Нелепые выходки Каролины утомили Байрона. «Я начинаю подумывать, что она действительно сумасшедшая, иначе было бы немыслимо сносить все ее выходки», – писал он леди Мельбурн. В Айвуде, по словам Байрона, «все было спокойно и безмятежно: никаких сцен, много музыки, веселье, и каждый день все больше отдалял меня от Каролины». А впереди было еще много приятного. «Мы поговариваем о поездке на Сицилию весной…» В случае неудачи Байрон решил вновь отправиться на Восток с Хобхаусом. Любовь к Востоку была подобна лихорадке, постоянно живущей у него в крови, которая могла вспыхнуть с новой силой при любом воспоминании.

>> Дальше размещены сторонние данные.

(* Let $F_i=F$ for all $i\in[A]$, suppose $\sum_{k\ge1}1/F(k)=\infty$ and that $L(k):=F(k)/k$ is increasing. Then there is an almost surely finite random constant $c>0$ such that $\chi_i(n)\ge e^{-cL(n)}$ for all $n\ge1$ and all $i\in[A]$.
   Context: Fix $A\ge2$, $[A]=\{1,\dots,A\}$. The generalized Pólya urn with feedback $F:\mathbb{N}\to(0,\infty)$ is the Markov chain $X(n)\in\mathbb{N}^A$ with $X_i(0)\ge1$ and $\mathbb{P}(X(n+1)=X(n)+e^{(i)}\mid X(n))=F(X_i(n))/\sum_jF(X_j(n))$; $N=\sum_jX_j(0)$ and $\chi_i(n)=X_i(n)/(N+n)$. *)

theory Defs
  imports "HOL-Probability.Probability"
begin

text \<open>Colours are the elements of a finite type 'a (so A = CARD('a)).
  A configuration is a map 'a \<Rightarrow> nat.  The event that the first n+1 states
  of the process X equal the history h.\<close>
definition urn_hist :: "'m measure \<Rightarrow> (nat \<Rightarrow> 'm \<Rightarrow> 'a \<Rightarrow> nat) \<Rightarrow> nat \<Rightarrow> (nat \<Rightarrow> 'a \<Rightarrow> nat) \<Rightarrow> 'm set"
  where "urn_hist M X n h = {\<omega> \<in> space M. \<forall>k\<le>n. X k \<omega> = h k}"

text \<open>X is a generalized Polya urn with feedback F (same for all colours) and
  deterministic initial configuration x0: the law of X is that of the Markov
  chain which adds a ball of colour i with probability F(X_i)/sum_j F(X_j).\<close>
definition polya_urn :: "'m measure \<Rightarrow> (nat \<Rightarrow> real) \<Rightarrow> ('a::finite \<Rightarrow> nat) \<Rightarrow> (nat \<Rightarrow> 'm \<Rightarrow> 'a \<Rightarrow> nat) \<Rightarrow> bool"
  where "polya_urn M F x0 X \<longleftrightarrow>
     prob_space M \<and>
     (\<forall>n. X n \<in> M \<rightarrow>\<^sub>M count_space UNIV) \<and>
     (AE \<omega> in M. X 0 \<omega> = x0) \<and>
     (\<forall>n h i. measure M (urn_hist M X n h \<inter> {\<omega>. X (Suc n) \<omega> = (h n)(i := h n i + 1)})
              = measure M (urn_hist M X n h) * (F (h n i) / (\<Sum>j\<in>UNIV. F (h n j))))"

end

theory Submission
  imports Defs
begin

text \<open>With \<open>\<Phi>(z) = \<Sum>\<^bsub>1\<le>k<z\<^esub> 1/F(k)\<close>, the potential
  \<open>D(y) = \<Sum>\<^sub>i (\<Phi>(|y|) - \<Phi>(y\<^sub>i))\<close> of a configuration \<open>y\<close> is a nonnegative
  supermartingale along the urn: adding a ball raises every term by \<open>1/F(|y|)\<close> and lowers the
  term of the drawn colour \<open>i\<close> by \<open>1/F(y\<^sub>i)\<close>, and since \<open>F(k)/k\<close> is increasing,
  \<open>\<Sum>\<^sub>j F(y\<^sub>j) \<le> F(|y|)\<close>, which makes the expected change \<open>A/F(|y|) - A/\<Sum>\<^sub>j F(y\<^sub>j)\<close>
  nonpositive.  By the maximal inequality \<open>sup\<^sub>n D(X(n))\<close> is almost surely finite.  On the
  other hand \<open>1/k \<le> (F(n)/n)/F(k)\<close> for \<open>k \<le> n\<close>, so
  \<open>ln ((N+n) / X\<^sub>i(n)) \<le> ln (1+N) + (F(n)/n) (\<Phi>(N+n) - \<Phi>(X\<^sub>i(n)))
  \<le> ln (1+N) + (F(n)/n) D(X(n))\<close>, and as \<open>F(n)/n \<ge> F(1)\<close> a bound on \<open>D\<close> becomes the
  claimed lower bound on \<open>\<chi>\<^sub>i(n)\<close>.\<close>

definition inv_feedback_sum :: "(nat \<Rightarrow> real) \<Rightarrow> nat \<Rightarrow> real" where
  "inv_feedback_sum F z = (\<Sum>k\<in>{1..<z}. 1 / F k)"

definition urn_potential :: "(nat \<Rightarrow> real) \<Rightarrow> ('a::finite \<Rightarrow> nat) \<Rightarrow> real" where
  "urn_potential F y =
     (\<Sum>i\<in>UNIV. inv_feedback_sum F (sum y UNIV) - inv_feedback_sum F (y i))"

lemma inv_feedback_sum_diff:
  assumes "1 \<le> a" "a \<le> b"
  shows "inv_feedback_sum F b - inv_feedback_sum F a = (\<Sum>k\<in>{a..<b}. 1 / F k)"
  using sum.atLeastLessThan_concat[of 1 a b "\<lambda>k. 1 / F k"] assms
  by (simp add: inv_feedback_sum_def)

lemma inv_feedback_sum_Suc:
  "1 \<le> a \<Longrightarrow> inv_feedback_sum F (Suc a) = inv_feedback_sum F a + 1 / F a"
  by (simp add: inv_feedback_sum_def)

lemma inv_feedback_sum_mono:
  assumes "\<And>k. F k > 0" and "a \<le> b"
  shows "inv_feedback_sum F a \<le> inv_feedback_sum F b"
  unfolding inv_feedback_sum_def using assms by (intro sum_mono2) (auto intro: less_imp_le)

lemma feedback_ratio_mono:
  assumes Lmono: "\<And>k. k \<ge> 1 \<Longrightarrow> F k / real k \<le> F (Suc k) / real (Suc k)"
    and "1 \<le> a" "a \<le> b"
  shows "F a / real a \<le> F b / real b"
  using assms(3)
proof (induction b rule: dec_induct)
  case (step n)
  then show ?case using Lmono[of n] \<open>1 \<le> a\<close> by linarith
qed simp

lemma le_sum_UNIV:
  fixes y :: "'a::finite \<Rightarrow> nat"
  shows "y i \<le> sum y UNIV"
  by (rule member_le_sum) auto

lemma sum_fun_upd_Suc: "sum ((y::'a::finite \<Rightarrow> nat)(j := y j + 1)) UNIV = Suc (sum y UNIV)"
proof -
  have "sum (y(j := y j + 1)) UNIV = (\<Sum>i\<in>UNIV. y i + (if i = j then 1 else 0))"
    by (intro sum.cong) auto
  then show ?thesis by (simp add: sum.distrib)
qed

lemma urn_potential_ge_component:
  assumes "\<And>k. F k > 0"
  shows "inv_feedback_sum F (sum y UNIV) - inv_feedback_sum F (y i) \<le> urn_potential F y"
  unfolding urn_potential_def
  by (rule member_le_sum) (auto intro: inv_feedback_sum_mono[OF assms le_sum_UNIV])

lemma urn_potential_nonneg:
  assumes "\<And>k. F k > 0"
  shows "0 \<le> urn_potential F y"
  unfolding urn_potential_def
  by (intro sum_nonneg) (use inv_feedback_sum_mono[OF assms le_sum_UNIV] in auto)

lemma sum_feedback_le_feedback_total:
  fixes y :: "'a::finite \<Rightarrow> nat"
  assumes Lmono: "\<And>k. k \<ge> 1 \<Longrightarrow> F k / real k \<le> F (Suc k) / real (Suc k)"
    and y1: "\<And>j. y j \<ge> 1"
  shows "(\<Sum>j\<in>UNIV. F (y j)) \<le> F (sum y UNIV)"
proof -
  let ?S = "sum y UNIV"
  have S_pos: "real ?S > 0" using y1 le_sum_UNIV[of y] by (metis of_nat_0_less_iff le_trans less_one not_le)
  have "F (y j) \<le> real (y j) * (F ?S / real ?S)" for j
    using feedback_ratio_mono[OF Lmono y1[of j] le_sum_UNIV[of y j]] y1[of j] by (simp add: field_simps)
  then have "(\<Sum>j\<in>UNIV. F (y j)) \<le> (\<Sum>j\<in>UNIV. real (y j) * (F ?S / real ?S))"
    by (rule sum_mono)
  also have "\<dots> = real ?S * (F ?S / real ?S)"
    by (metis of_nat_sum sum_distrib_right)
  also have "\<dots> = F ?S"
    using S_pos by simp
  finally show ?thesis .
qed

lemma urn_potential_fun_upd_Suc:
  fixes y :: "'a::finite \<Rightarrow> nat"
  assumes "1 \<le> y j" and "1 \<le> sum y UNIV"
  shows "urn_potential F (y(j := y j + 1))
           = urn_potential F y + real CARD('a) / F (sum y UNIV) - 1 / F (y j)"
proof -
  let ?\<Phi> = "inv_feedback_sum F" and ?S = "sum y UNIV"
  have "urn_potential F (y(j := y j + 1))
      = (\<Sum>i\<in>UNIV. (?\<Phi> ?S - ?\<Phi> (y i)) + 1 / F ?S - (if i = j then 1 / F (y j) else 0))"
    unfolding urn_potential_def sum_fun_upd_Suc
    by (intro sum.cong) (auto simp: inv_feedback_sum_Suc[OF assms(1)] inv_feedback_sum_Suc[OF assms(2)])
  then show ?thesis by (simp add: sum.distrib sum_subtractf urn_potential_def)
qed

lemma urn_potential_drift_le:
  fixes y :: "'a::finite \<Rightarrow> nat"
  assumes Fpos: "\<And>k. F k > 0"
    and Lmono: "\<And>k. k \<ge> 1 \<Longrightarrow> F k / real k \<le> F (Suc k) / real (Suc k)"
    and y1: "\<And>j. y j \<ge> 1"
  shows "(\<Sum>j\<in>UNIV. F (y j) / (\<Sum>l\<in>UNIV. F (y l)) * urn_potential F (y(j := y j + 1)))
           \<le> urn_potential F y"
proof -
  let ?S = "sum y UNIV" and ?W = "\<Sum>l\<in>UNIV. F (y l)" and ?A = "real CARD('a)"
  have S1: "1 \<le> ?S" using y1 le_sum_UNIV order_trans by blast
  have W_pos: "?W > 0" by (intro sum_pos) (auto intro: Fpos)
  have "(\<Sum>j\<in>UNIV. F (y j) / ?W * urn_potential F (y(j := y j + 1)))
      = (\<Sum>j\<in>UNIV. F (y j) / ?W * (urn_potential F y + ?A / F ?S) - 1 / ?W)"
    using Fpos[THEN order_less_imp_not_eq2] W_pos
    by (intro sum.cong refl) (subst urn_potential_fun_upd_Suc[OF y1 S1], simp add: field_simps)
  also have "\<dots> = urn_potential F y + ?A / F ?S - ?A / ?W"
    using W_pos by (simp add: sum_subtractf sum_distrib_right[symmetric] sum_divide_distrib[symmetric])
  also have "\<dots> \<le> urn_potential F y"
    using W_pos sum_feedback_le_feedback_total[where y = y, OF Lmono y1]
    by (simp add: divide_left_mono Fpos)
  finally show ?thesis .
qed

lemma ln_div_le_harmonic_sum:
  assumes "1 \<le> x" "x \<le> n"
  shows "ln (real n / real x) \<le> (\<Sum>k\<in>{x..<n}. 1 / real k)"
  using assms(2)
proof (induction n rule: dec_induct)
  case (step n)
  have n_pos: "real n > 0" using step assms by simp
  have "ln (real (Suc n) / real x) = ln (real n / real x) + ln (1 + 1 / real n)"
    using n_pos assms by (simp add: ln_div field_simps flip: ln_mult)
  also have "\<dots> \<le> (\<Sum>k\<in>{x..<n}. 1 / real k) + 1 / real n"
    using step.IH ln_add_one_self_le_self[of "1 / real n"] n_pos by simp
  also have "\<dots> = (\<Sum>k\<in>{x..<Suc n}. 1 / real k)"
    using step by simp
  finally show ?case .
qed (use assms in simp)

lemma ln_div_le_inv_feedback_sum_diff:
  assumes Fpos: "\<And>k. F k > 0"
    and Lmono: "\<And>k. k \<ge> 1 \<Longrightarrow> F k / real k \<le> F (Suc k) / real (Suc k)"
    and "1 \<le> x" "x \<le> S" "1 \<le> n" "n \<le> S"
  shows "ln (real S / real x)
           \<le> F n / real n * (inv_feedback_sum F S - inv_feedback_sum F x) + ln (real S / real n)"
proof (cases "x \<le> n")
  case True
  let ?L = "F n / real n"
  have "ln (real n / real x) \<le> (\<Sum>k\<in>{x..<n}. 1 / real k)"
    using assms True by (intro ln_div_le_harmonic_sum)
  also have "\<dots> \<le> (\<Sum>k\<in>{x..<n}. ?L * (1 / F k))"
  proof (rule sum_mono)
    fix k assume k: "k \<in> {x..<n}"
    then have "F k / real k \<le> ?L" using assms by (intro feedback_ratio_mono[OF Lmono]) auto
    then show "1 / real k \<le> ?L * (1 / F k)"
      using k assms Fpos[of k] by (simp add: field_simps)
  qed
  also have "\<dots> = ?L * (inv_feedback_sum F n - inv_feedback_sum F x)"
    using assms True by (simp add: sum_distrib_left inv_feedback_sum_diff)
  also have "\<dots> \<le> ?L * (inv_feedback_sum F S - inv_feedback_sum F x)"
    using assms less_imp_le[OF Fpos[of n]]
    by (intro mult_left_mono) (auto intro: inv_feedback_sum_mono[of F, OF Fpos])
  finally show ?thesis
    using assms by (simp add: ln_div)
next
  case False
  have "ln (real S / real x) \<le> ln (real S / real n)"
    using False assms by (simp add: divide_left_mono)
  moreover have "0 \<le> F n / real n * (inv_feedback_sum F S - inv_feedback_sum F x)"
    using inv_feedback_sum_mono[of F, OF Fpos \<open>x \<le> S\<close>] less_imp_le[OF Fpos[of n]]
    by (intro mult_nonneg_nonneg) auto
  ultimately show ?thesis by linarith
qed

lemma share_ge_exp_of_urn_potential:
  fixes y :: "'a::finite \<Rightarrow> nat"
  assumes Fpos: "\<And>k. F k > 0"
    and Lmono: "\<And>k. k \<ge> 1 \<Longrightarrow> F k / real k \<le> F (Suc k) / real (Suc k)"
    and y1: "\<And>j. 1 \<le> y j" and total: "sum y UNIV = N + n" and n1: "1 \<le> n"
    and potential: "urn_potential F y < lam"
  shows "exp (- (lam + ln (1 + real N) / F 1) * (F n / real n)) \<le> real (y i) / real (N + n)"
proof -
  let ?S = "N + n" and ?L = "F n / real n"
  have iS: "y i \<le> ?S" using le_sum_UNIV[of y i] total by simp
  have L_ge: "F 1 \<le> ?L" using feedback_ratio_mono[OF Lmono, of 1 n] n1 by simp
  have ln_Sn: "ln (real ?S / real n) \<le> ln (1 + real N)"
  proof -
    have "real N * 1 \<le> real N * real n" using n1 by (intro mult_left_mono) auto
    then have "real ?S \<le> (1 + real N) * real n" by (simp add: algebra_simps)
    then show ?thesis using n1 by (simp add: pos_divide_le_eq)
  qed
  have d_le: "inv_feedback_sum F ?S - inv_feedback_sum F (y i) \<le> lam"
    using urn_potential_ge_component[where F = F and y = y and i = i, OF Fpos] potential total
    by simp
  have "1 \<le> ?L / F 1" using L_ge Fpos[of 1] le_divide_eq_1_pos by blast
  then have ln_N: "ln (1 + real N) * 1 \<le> ln (1 + real N) * (?L / F 1)"
    by (intro mult_left_mono) auto
  have "ln (real ?S / real (y i))
          \<le> ?L * (inv_feedback_sum F ?S - inv_feedback_sum F (y i)) + ln (real ?S / real n)"
    using ln_div_le_inv_feedback_sum_diff[OF Fpos Lmono y1 iS n1] n1 by simp
  also have "\<dots> \<le> ?L * lam + ln (1 + real N) * (?L / F 1)"
    using L_ge Fpos[of 1] d_le ln_Sn ln_N by (intro add_mono mult_left_mono) auto
  also have "\<dots> = (lam + ln (1 + real N) / F 1) * ?L"
    by (simp add: algebra_simps)
  finally have "ln (real ?S / real (y i)) \<le> (lam + ln (1 + real N) / F 1) * ?L" .
  moreover have "real (y i) / real ?S = exp (- ln (real ?S / real (y i)))"
    using y1[of i] iS by (simp add: ln_div exp_diff)
  ultimately show ?thesis by (simp add: algebra_simps)
qed

lemma fun_upd_Suc_inj: "(y::'a \<Rightarrow> nat)(j := y j + 1) = y(j' := y j' + 1) \<Longrightarrow> j = j'"
  by (metis fun_upd_apply n_not_Suc_n Suc_eq_plus1)

locale feedback_urn =
  fixes M :: "'m measure" and F :: "nat \<Rightarrow> real" and x0 :: "'a::finite \<Rightarrow> nat"
    and X :: "nat \<Rightarrow> 'm \<Rightarrow> 'a \<Rightarrow> nat"
  assumes urn: "polya_urn M F x0 X"
    and Fpos: "\<And>k. F k > 0"
    and x0pos: "\<And>i. x0 i \<ge> 1"
    and Lmono: "\<And>k. k \<ge> 1 \<Longrightarrow> F k / real k \<le> F (Suc k) / real (Suc k)"
begin

sublocale prob_space M
  using urn by (simp add: polya_urn_def)

lemma urn_transition:
  "measure M (urn_hist M X n h \<inter> {\<omega>. X (Suc n) \<omega> = (h n)(i := h n i + 1)})
     = measure M (urn_hist M X n h) * (F (h n i) / (\<Sum>j\<in>UNIV. F (h n j)))"
  using urn by (simp add: polya_urn_def)

lemma X_pred_sets: "{\<omega>\<in>space M. Q (X k \<omega>)} \<in> sets M"
proof -
  have "X k \<in> M \<rightarrow>\<^sub>M count_space UNIV"
    using urn by (simp add: polya_urn_def)
  then have "X k -` {y. Q y} \<inter> space M \<in> sets M"
    by (rule measurable_sets) simp
  then show ?thesis by (simp add: vimage_def Int_def conj_commute)
qed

Оглядываясь на год, принесший ему известность, Байрон не мог вспомнить ничего более счастливого, чем дни, проведенные в Айвуде. В последний день года он писал леди Мельбурн, восхваляя свою «Армиду»: «Не стану утомлять вас перечислением всех ее достоинств, скажу лишь, что я ни разу не зевнул за все два месяца, проведенные под ее крышей, – нечто поразительное в моей жизни».
Глава 11
Любовные интриги в обществе вигов
1813
В начале 1813 года жизнь в Айвуде стала еще приятней. В начале января лорд Оксфорд уехал в Лондон, и Байрон две недели провел с леди Оксфорд и ее красивыми детьми. 2 января он отправил через Хобхауса письмо к Хэнсону с просьбой выделить сотню гиней, чтобы заказать портрет своей возлюбленной, и втайне от всех переслать их Меррею. Два дня спустя он писал леди Мельбурн: «Мы живем без ссор и всяких неприятностей, у нас очень мало гостей и никаких жильцов, только книги, музыка и тому подобное». Позднее Байрон вспоминал, что в Айвуде леди Оксфорд сказала ему: «По-моему, весь месяц мы жили как боги Лукреция». И Байрон добавил: «Так и было».
Тем не менее мирное существование в Айвуде нередко нарушалось весьма беспокойным образом. Каролина Лэм была серьезно настроена заставить Байрона заплатить за пренебрежение к своей особе. Он перестал ей писать, однако это не остановило поток ее красноречия. Каролина сообщила, что на пуговицах своей пажеской ливреи выгравировала слова «Не верь Байрону». Кроме того, она подделала письмо Байрона, чтобы получить от Меррея портрет своего бывшего возлюбленного, который, в свою очередь, заказала леди Оксфорд.